SUPPLIED RECORDS:
(* Let $R=\bigoplus_{\alpha\in\Gamma}R_{\alpha}$ be an integrally closed graded integral domain. Then $R$ is a graded-Prüfer domain if and only if every nonzero finitely generated homogeneous ideal of $R$ is a $v$-ideal.
   Context: $\Gamma$ is a commutative cancellative monoid (written additively) whose quotient group $\langle\Gamma\rangle$ is torsion-free. A graded integral domain $R=\bigoplus_{\alpha\in\Gamma}R_\alpha$ is an integral domain that is the direct sum of additive subgroups $R_\alpha$ with $R_\alpha R_\beta\subseteq R_{\alpha+\beta}$, with quotient field $K$. An ideal $I$ is homogeneous if $I=\bigoplus_\alpha(I\cap R_\alpha)$. $R$ is a graded-Prüfer domain if every nonzero finitely generated homogeneous ideal of $R$ is invertible. An ideal $I$ is a $v$-ideal if $I=(R:(R:I))$, where $(R:E)=\{x\in K: xE\subseteq R\}$. *)

theory Defs
  imports Main
begin

definition nsmul :: "nat \<Rightarrow> 'g::ab_group_add \<Rightarrow> 'g" where
  "nsmul n x = ((+) x ^^ n) 0"

definition hom_family :: "'g set \<Rightarrow> ('g \<Rightarrow> 'k::field set) \<Rightarrow> ('g \<Rightarrow> 'k) \<Rightarrow> bool" where
  "hom_family \<Gamma> D f \<longleftrightarrow>
     finite {\<alpha>. f \<alpha> \<noteq> 0} \<and> {\<alpha>. f \<alpha> \<noteq> 0} \<subseteq> \<Gamma> \<and> (\<forall>\<alpha>\<in>\<Gamma>. f \<alpha> \<in> D \<alpha>)"

text \<open>R (a subring of the field 'k) is a graded integral domain
  R = (+)_{alpha in Gamma} R_alpha, where Gamma is a commutative (cancellative)
  submonoid of the abelian group 'g whose generated group {a - b} is torsion-free.\<close>
definition graded_domain :: "'g::ab_group_add set \<Rightarrow> 'k::field set \<Rightarrow> ('g \<Rightarrow> 'k set) \<Rightarrow> bool" where
  "graded_domain \<Gamma> R Rg \<longleftrightarrow>
     0 \<in> \<Gamma> \<and> (\<forall>a\<in>\<Gamma>. \<forall>b\<in>\<Gamma>. a + b \<in> \<Gamma>) \<and>
     (\<forall>a\<in>\<Gamma>. \<forall>b\<in>\<Gamma>. \<forall>n::nat. n > 0 \<longrightarrow> nsmul n (a - b) = 0 \<longrightarrow> a = b) \<and>
     0 \<in> R \<and> 1 \<in> R \<and> (\<forall>x\<in>R. \<forall>y\<in>R. x + y \<in> R \<and> x * y \<in> R \<and> - x \<in> R) \<and>
     (\<forall>\<alpha>\<in>\<Gamma>. Rg \<alpha> \<subseteq> R \<and> 0 \<in> Rg \<alpha> \<and> (\<forall>x\<in>Rg \<alpha>. \<forall>y\<in>Rg \<alpha>. x - y \<in> Rg \<alpha>)) \<and>
     (\<forall>\<alpha>\<in>\<Gamma>. \<forall>\<beta>\<in>\<Gamma>. \<forall>x\<in>Rg \<alpha>. \<forall>y\<in>Rg \<beta>. x * y \<in> Rg (\<alpha> + \<beta>)) \<and>
     (\<forall>r\<in>R. \<exists>f. hom_family \<Gamma> Rg f \<and> r = sum f {\<alpha>. f \<alpha> \<noteq> 0}) \<and>
     (\<forall>f. hom_family \<Gamma> Rg f \<and> sum f {\<alpha>. f \<alpha> \<noteq> 0} = 0 \<longrightarrow> (\<forall>\<alpha>. f \<alpha> = 0))"

definition is_quotient_field :: "'k::field set \<Rightarrow> bool" where
  "is_quotient_field R \<longleftrightarrow> (\<forall>x. \<exists>a\<in>R. \<exists>b\<in>R. b \<noteq> 0 \<and> x = a / b)"

definition integrally_closed :: "'k::field set \<Rightarrow> bool" where
  "integrally_closed R \<longleftrightarrow>
     (\<forall>x. (\<exists>n::nat. \<exists>c. n > 0 \<and> (\<forall>i<n. c i \<in> R) \<and> x ^ n + (\<Sum>i<n. c i * x ^ i) = 0)
          \<longrightarrow> x \<in> R)"

definition is_ideal :: "'k::field set \<Rightarrow> 'k set \<Rightarrow> bool" where
  "is_ideal R I \<longleftrightarrow> I \<subseteq> R \<and> 0 \<in> I \<and> (\<forall>x\<in>I. \<forall>y\<in>I. x + y \<in> I) \<and>
     (\<forall>r\<in>R. \<forall>x\<in>I. r * x \<in> I)"

definition homogeneous_ideal :: "'g set \<Rightarrow> 'k::field set \<Rightarrow> ('g \<Rightarrow> 'k set) \<Rightarrow> 'k set \<Rightarrow> bool" where
  "homogeneous_ideal \<Gamma> R Rg I \<longleftrightarrow> is_ideal R I \<and>
     (\<forall>x\<in>I. \<exists>f. hom_family \<Gamma> (\<lambda>\<alpha>. Rg \<alpha> \<inter> I) f \<and> x = sum f {\<alpha>. f \<alpha> \<noteq> 0})"

definition ideal_gen :: "'k::field set \<Rightarrow> 'k set \<Rightarrow> 'k set" where
  "ideal_gen R S = {\<Sum>s\<in>T. c s * s | T c. finite T \<and> T \<subseteq> S \<and> (\<forall>s\<in>T. c s \<in> R)}"

definition fin_gen_ideal :: "'k::field set \<Rightarrow> 'k set \<Rightarrow> bool" where
  "fin_gen_ideal R I \<longleftrightarrow> (\<exists>S. finite S \<and> S \<subseteq> R \<and> I = ideal_gen R S)"

definition colon :: "'k::field set \<Rightarrow> 'k set \<Rightarrow> 'k set" where
  "colon R E = {x. \<forall>e\<in>E. x * e \<in> R}"

definition ideal_product :: "'k::field set \<Rightarrow> 'k set \<Rightarrow> 'k set" where
  "ideal_product A B = {\<Sum>i<n. a i * b i | (n::nat) a b. \<forall>i<n. a i \<in> A \<and> b i \<in> B}"

definition invertible_ideal :: "'k::field set \<Rightarrow> 'k set \<Rightarrow> bool" where
  "invertible_ideal R I \<longleftrightarrow> ideal_product I (colon R I) = R"

definition v_ideal :: "'k::field set \<Rightarrow> 'k set \<Rightarrow> bool" where
  "v_ideal R I \<longleftrightarrow> I = colon R (colon R I)"

definition graded_pruefer :: "'g set \<Rightarrow> 'k::field set \<Rightarrow> ('g \<Rightarrow> 'k set) \<Rightarrow> bool" where
  "graded_pruefer \<Gamma> R Rg \<longleftrightarrow>
     (\<forall>I. homogeneous_ideal \<Gamma> R Rg I \<and> fin_gen_ideal R I \<and> I \<noteq> {0} \<longrightarrow> invertible_ideal R I)"

end

(* Invertible ideals are v-ideals, which gives one direction. Conversely, let a, b be nonzero
   homogeneous elements. For y in (R : (a^2, b^2)) the element a b y is a root of
   X^2 - (a^2 y)(b^2 y), so integral closedness puts a b into the v-closure of (a^2, b^2), which by
   hypothesis is (a^2, b^2) itself. From a b = r a^2 + s b^2 the element x = r a / b satisfies
   x^2 - x + r s = 0, hence lies in R, and p = 1 - x satisfies p a in b R and (1 - p) b in a R.
   Gluing such pairs by induction over a finite set S of nonzero homogeneous generators of a
   finitely generated homogeneous ideal I gives p_i in R with sum p_i = 1 and p_i S contained in
   i R; the elements p_i / i then lie in (R : I) and sum i (p_i / i) = 1, so I is invertible. *)

theory Submission
  imports Defs
begin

ACTIVITY: For each line above that includes "commutative", copy the line.

REPLY:
   Context: $\Gamma$ is a commutative cancellative monoid (written additively) whose quotient group $\langle\Gamma\rangle$ is torsion-free. A graded integral domain $R=\bigoplus_{\alpha\in\Gamma}R_\alpha$ is an integral domain that is the direct sum of additive subgroups $R_\alpha$ with $R_\alpha R_\beta\subseteq R_{\alpha+\beta}$, with quotient field $K$. An ideal $I$ is homogeneous if $I=\bigoplus_\alpha(I\cap R_\alpha)$. $R$ is a graded-Prüfer domain if every nonzero finitely generated homogeneous ideal of $R$ is invertible. An ideal $I$ is a $v$-ideal if $I=(R:(R:I))$, where $(R:E)=\{x\in K: xE\subseteq R\}$. *)
  R = (+)_{alpha in Gamma} R_alpha, where Gamma is a commutative (cancellative)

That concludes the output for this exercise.